ここへ来て、あからさまに冒険初心者丸出しの自分たちを騙そうとしたり、荷物をられそうになったり、盗まれたりなど一度もなかった。それどころか、お金がないと言っても嫌な顔一つせず、竜を停める場所を貸してくれたり、世話までしてくれるというので、何か渡せるものがないかとロブスタスが変装用のドレスを渡したりしたのだ。

「では、こういうのはどうでしょう。もしこの後、首に首枷を嵌めている人間が換金に来たら、その人たちの首枷を外す資金の手助けとなるように、残り八十億分のお金を当てていただけませんか?」
鑑定士の男と、その隣の眼鏡竜人が息を飲んだ。
「そっ、それで本当にいいのですかな?」
「ええ、私達にはこれだけでも十分すぎる」
物凄く量を減らして、厳選に厳選を重ねて持って来たというのに、これを役立てずそのまま持って帰って来たと知ったら、ルキがきっとガッカリするだろう。

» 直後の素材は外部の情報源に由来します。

(* Let $\gamma>2$, $\beta_c>0$ and $a=\gamma-1$. For $\mu>0$ define $$R(\mu)=\frac{e^{\beta_c\mu}}{4\sinh^2(a\beta_c\mu/2)}\Big(e^{a\beta_c\mu}F_a(-e^{\beta_c\mu})-2F_a(-1)+e^{-a\beta_c\mu}F_a(-e^{-\beta_c\mu})\Big),$$ where $F_a(w)={}_3F_2(1,a,a;1+a,1+a;w)$. Then $$\lim_{\mu\to\infty}R(\mu)=\left(\frac{\gamma-1}{\gamma-2}\right)^2 .$$ Equivalently, for the Type A model with cut-off $\mu$ at the temperature $T=T_c=1/\beta_c$ (so $\alpha=\gamma-1$), $\dfrac{2L_g}{N(N-1)}\,e^{\beta_c\mu}\to\left(\frac{\gamma-1}{\gamma-2}\right)^2$ as $\mu\to\infty$. *)

theory Defs
  imports "HOL-Complex_Analysis.Complex_Analysis"
begin

text \<open>Generalized hypergeometric series 3F2(a1,a2,a3; b1,b2; w) as a power series
  (converges for |w| < 1).\<close>
definition hyp3F2_series :: "complex \<Rightarrow> complex \<Rightarrow> complex \<Rightarrow> complex \<Rightarrow> complex \<Rightarrow> complex \<Rightarrow> complex" where
  "hyp3F2_series a1 a2 a3 b1 b2 w =
     (\<Sum>n. pochhammer a1 n * pochhammer a2 n * pochhammer a3 n
            / (pochhammer b1 n * pochhammer b2 n * fact n) * w ^ n)"

text \<open>f is the analytic continuation of F_a(w) = 3F2(1,a,a;1+a,1+a;w) to the cut plane
  C minus [1,oo): holomorphic there and equal to the defining series on the unit disc.\<close>
definition is_F_continuation :: "real \<Rightarrow> (complex \<Rightarrow> complex) \<Rightarrow> bool" where
  "is_F_continuation a f \<longleftrightarrow>
     f holomorphic_on (- {complex_of_real x | x. x \<ge> 1}) \<and>
     (\<forall>w\<in>ball 0 1. f w = hyp3F2_series 1 (of_real a) (of_real a) (1 + of_real a) (1 + of_real a) w)"

definition R_fun :: "real \<Rightarrow> real \<Rightarrow> (complex \<Rightarrow> complex) \<Rightarrow> real \<Rightarrow> complex" where
  "R_fun a \<beta>c f \<mu> =
     complex_of_real (exp (\<beta>c * \<mu>) / (4 * (sinh (a * \<beta>c * \<mu> / 2))\<^sup>2)) *
     (complex_of_real (exp (a * \<beta>c * \<mu>)) * f (complex_of_real (- exp (\<beta>c * \<mu>)))
      - 2 * f (-1)
      + complex_of_real (exp (- a * \<beta>c * \<mu>)) * f (complex_of_real (- exp (- \<beta>c * \<mu>))))"

end

theory Submission
  imports Defs "HOL-Real_Asymp.Real_Asymp"
begin

text \<open>
  Integrating the geometric series termwise with \<open>\<integral>\<^sub>0\<^sup>1 x^(n+a-1) ln x dx = -1/(n+a)^2\<close> gives
  \<open>F\<^sub>a(w) = -a^2 \<integral>\<^sub>0\<^sup>1 x^(a-1) ln x / (1 - w x) dx\<close> for \<open>|w| < 1\<close>. The right-hand side is
  holomorphic off \<open>[1,\<infinity>)\<close>, hence it is the analytic continuation of \<open>F\<^sub>a\<close>; on the negative axis it
  is real and bounded, and dominated convergence yields
  \<open>y F\<^sub>a(-y) \<rightarrow> -a^2 \<integral>\<^sub>0\<^sup>1 x^(a-2) ln x dx = a^2/(a-1)^2\<close> as \<open>y \<rightarrow> \<infinity>\<close>, which needs \<open>a > 1\<close>.
  With \<open>s = \<beta>\<^sub>c \<mu>\<close>, the first summand of \<open>R(\<mu>)\<close> is \<open>e^(as)/(4 sinh^2(as/2)) \<cdot> e^s F\<^sub>a(-e^s)\<close>,
  which tends to \<open>a^2/(a-1)^2\<close>, while the other two carry the factor \<open>e^s / sinh^2(as/2) \<rightarrow> 0\<close>.
\<close>

subsection \<open>Integrals over \<open>[0,1]\<close>\<close>

lemma continuous_on_powr_mult_ln:
  fixes c :: real
  assumes "c > 0"
  shows "continuous_on {0..1} (\<lambda>x. x powr c * ln x)"
proof (rule continuous_on_IccI)
  show "((\<lambda>x. x powr c * ln x) \<longlongrightarrow> 0 powr c * ln 0) (at_right 0)"
    using assms by real_asymp
  show "((\<lambda>x. x powr c * ln x) \<longlongrightarrow> 1 powr c * ln 1) (at_left 1)"
    by real_asymp
qed (auto intro!: tendsto_intros)

lemma has_integral_powr_mult_ln:
  fixes c :: real
  assumes c: "c > 0"
  shows "((\<lambda>x. x powr (c - 1) * ln x) has_integral - 1 / c\<^sup>2) {0..1}"
proof -
  define G where "G x = x powr c * ln x / c - x powr c / c\<^sup>2" for x :: real
  have "continuous_on {0..1} G"
    unfolding G_def using continuous_on_powr_mult_ln[OF c] c
    by (auto intro!: continuous_intros continuous_on_powr')
  moreover have "(G has_real_derivative x powr (c - 1) * ln x) (at x)" if "x \<in> {0<..<1}" for x
  proof -
    from that have x: "x > 0" by simp
    have "x powr c / x = x powr (c - 1)"
      using x by (simp add: powr_diff)
    then show ?thesis
      unfolding G_def using x c
      by (auto intro!: derivative_eq_intros simp: field_simps power2_eq_square)
  qed
  ultimately have "((\<lambda>x. x powr (c - 1) * ln x) has_integral G 1 - G 0) {0..1}"
    by (intro fundamental_theorem_of_calculus_interior)
       (auto simp: has_real_derivative_iff_has_vector_derivative)
  then show ?thesis
    by (simp add: G_def)
qed

lemma dominated_convergence_at_top:
  fixes f :: "real \<Rightarrow> 'n::euclidean_space \<Rightarrow> 'm::euclidean_space"
  assumes f: "\<And>y. y \<ge> b \<Longrightarrow> f y integrable_on S" and h: "h integrable_on S"
    and le: "\<And>y x. y \<ge> b \<Longrightarrow> x \<in> S \<Longrightarrow> norm (f y x) \<le> h x"
    and conv: "\<And>x. x \<in> S \<Longrightarrow> ((\<lambda>y. f y x) \<longlongrightarrow> g x) at_top"
  shows "((\<lambda>y. integral S (f y)) \<longlongrightarrow> integral S g) at_top"
proof (rule tendsto_at_topI_sequentially)
  fix X :: "nat \<Rightarrow> real" assume X: "filterlim X at_top sequentially"
  define Y where "Y n = max (X n) b" for n
  have Y: "filterlim Y at_top sequentially"
    by (rule filterlim_at_top_mono[OF X]) (auto simp: Y_def)
  have "(\<lambda>n. f (Y n) x) \<longlonglongrightarrow> g x" if "x \<in> S" for x
    using filterlim_compose[OF conv[OF that] Y] by (simp add: o_def)
  then have "(\<lambda>n. integral S (f (Y n))) \<longlonglongrightarrow> integral S g"
    using f h le by (intro dominated_convergence(2)) (auto simp: Y_def)
  moreover have "\<forall>\<^sub>F n in sequentially. b \<le> X n"
    using X by (simp add: filterlim_at_top)
  then have "\<forall>\<^sub>F n in sequentially. Y n = X n"
    by eventually_elim (simp add: Y_def)
  ultimately show "(\<lambda>n. integral S (f (X n))) \<longlonglongrightarrow> integral S g"
    by (auto elim: Lim_transform_eventually simp: eventually_mono)
qed

subsection \<open>Integrals of \<open>\<phi>(x)/(1 - w x)\<close> on the cut plane\<close>

definition cut_plane :: "complex set" where
  "cut_plane = - {complex_of_real x | x. x \<ge> 1}"

lemma one_minus_mult_of_real_nonzero:
  assumes "w \<in> cut_plane" "0 \<le> x" "x \<le> 1"
  shows "1 - w * of_real x \<noteq> 0"
proof
  assume eq: "1 - w * of_real x = 0"
  then have "x > 0"
    using assms(2) by (cases "x = 0") auto
  with eq have "w = of_real (1 / x)" "1 / x \<ge> 1"
    using assms(3) by (auto simp: field_simps)
  with assms(1) show False
    unfolding cut_plane_def by auto
qed

lemma open_cut_plane: "open cut_plane"
proof -
  have "{complex_of_real x | x. x \<ge> 1} = {z. Im z = 0} \<inter> {z. Re z \<ge> 1}"
    by (auto simp: complex_eq_iff intro!: exI[of _ "Re _"])
  moreover have "closed ({z. Im z = 0} \<inter> {z. Re z \<ge> 1})"
    by (intro closed_Int closed_Collect_eq closed_Collect_le continuous_intros)
  ultimately show ?thesis
    unfolding cut_plane_def by (metis open_Compl)
qed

それと、司書達の選定はすごかった。本当に、高額買取となったのだから。
それにしても、旅先で十億など、全く使い切れる気がしない。
超激レアな名画並みの高値が付いてしまった。
ソゴゥがぼんやり考えていると、鑑定士の男がソゴゥの手をとって握って来た。
「貴方は、聖人様だ。私はこんな人を見たことがない」
もう一人の眼鏡竜人まで、ソゴゥの手を握手するように握って来る。
「お約束を違わぬよう、残りの料金はきっちり残酷なランカの首枷を外す手助けに使わせていただきます」
竜人族の手の平は、エルフとはやはり違うんだなと、ソゴゥはまたしても違う事を考えていた。
実はこの浮島に来てから、ソゴゥはワクワクが止まらず、かなりのハイテンションとなっていたため、意識が散漫になりがちだったのだ。
ソゴゥは水晶を一本ずつ格納する専用の袋を付けてもらい、それらをリュックにしまった。
「ツレを待つので、建物付近に暫く滞在しているけど気にしないでくださいね」とソゴゥは言いおいて、二人にお礼を言い、出入口の方に向かった。
先ほどの交渉途中、ヨルにも意思を飛ばして石を全部置いて行っていいと思うか確認したところ「荷物が軽くなる方が良いではないか」と、少しずれた答えが返って来ていたのだった。
ヨルの言うように、重くはないが、かさばっていたので、リュックがだいぶすっきりしたのは確かだ。
イセトゥアンとロブスタスがその辺りに戻ってきていないかと、換金所を出て道を確認していると、先ほどの首枷を外した男が、数人の男女を連れてきて、ソゴゥの前に次々と跪いて、地面に額を擦りつけんばかりにひれ伏した。

「わっ、何? どうしたの?」
「どうか、どうかこの者たちの首枷も外してはいただけないでしょうか」
「分かったから、直ぐ外すから、立ってください」
言いながらソゴゥは、痛々しく首に嵌められた男女の首枷を瞬間移動で手元に集めた。
「外れましたよ」と、ソゴゥが平伏す人たちに声を掛ける。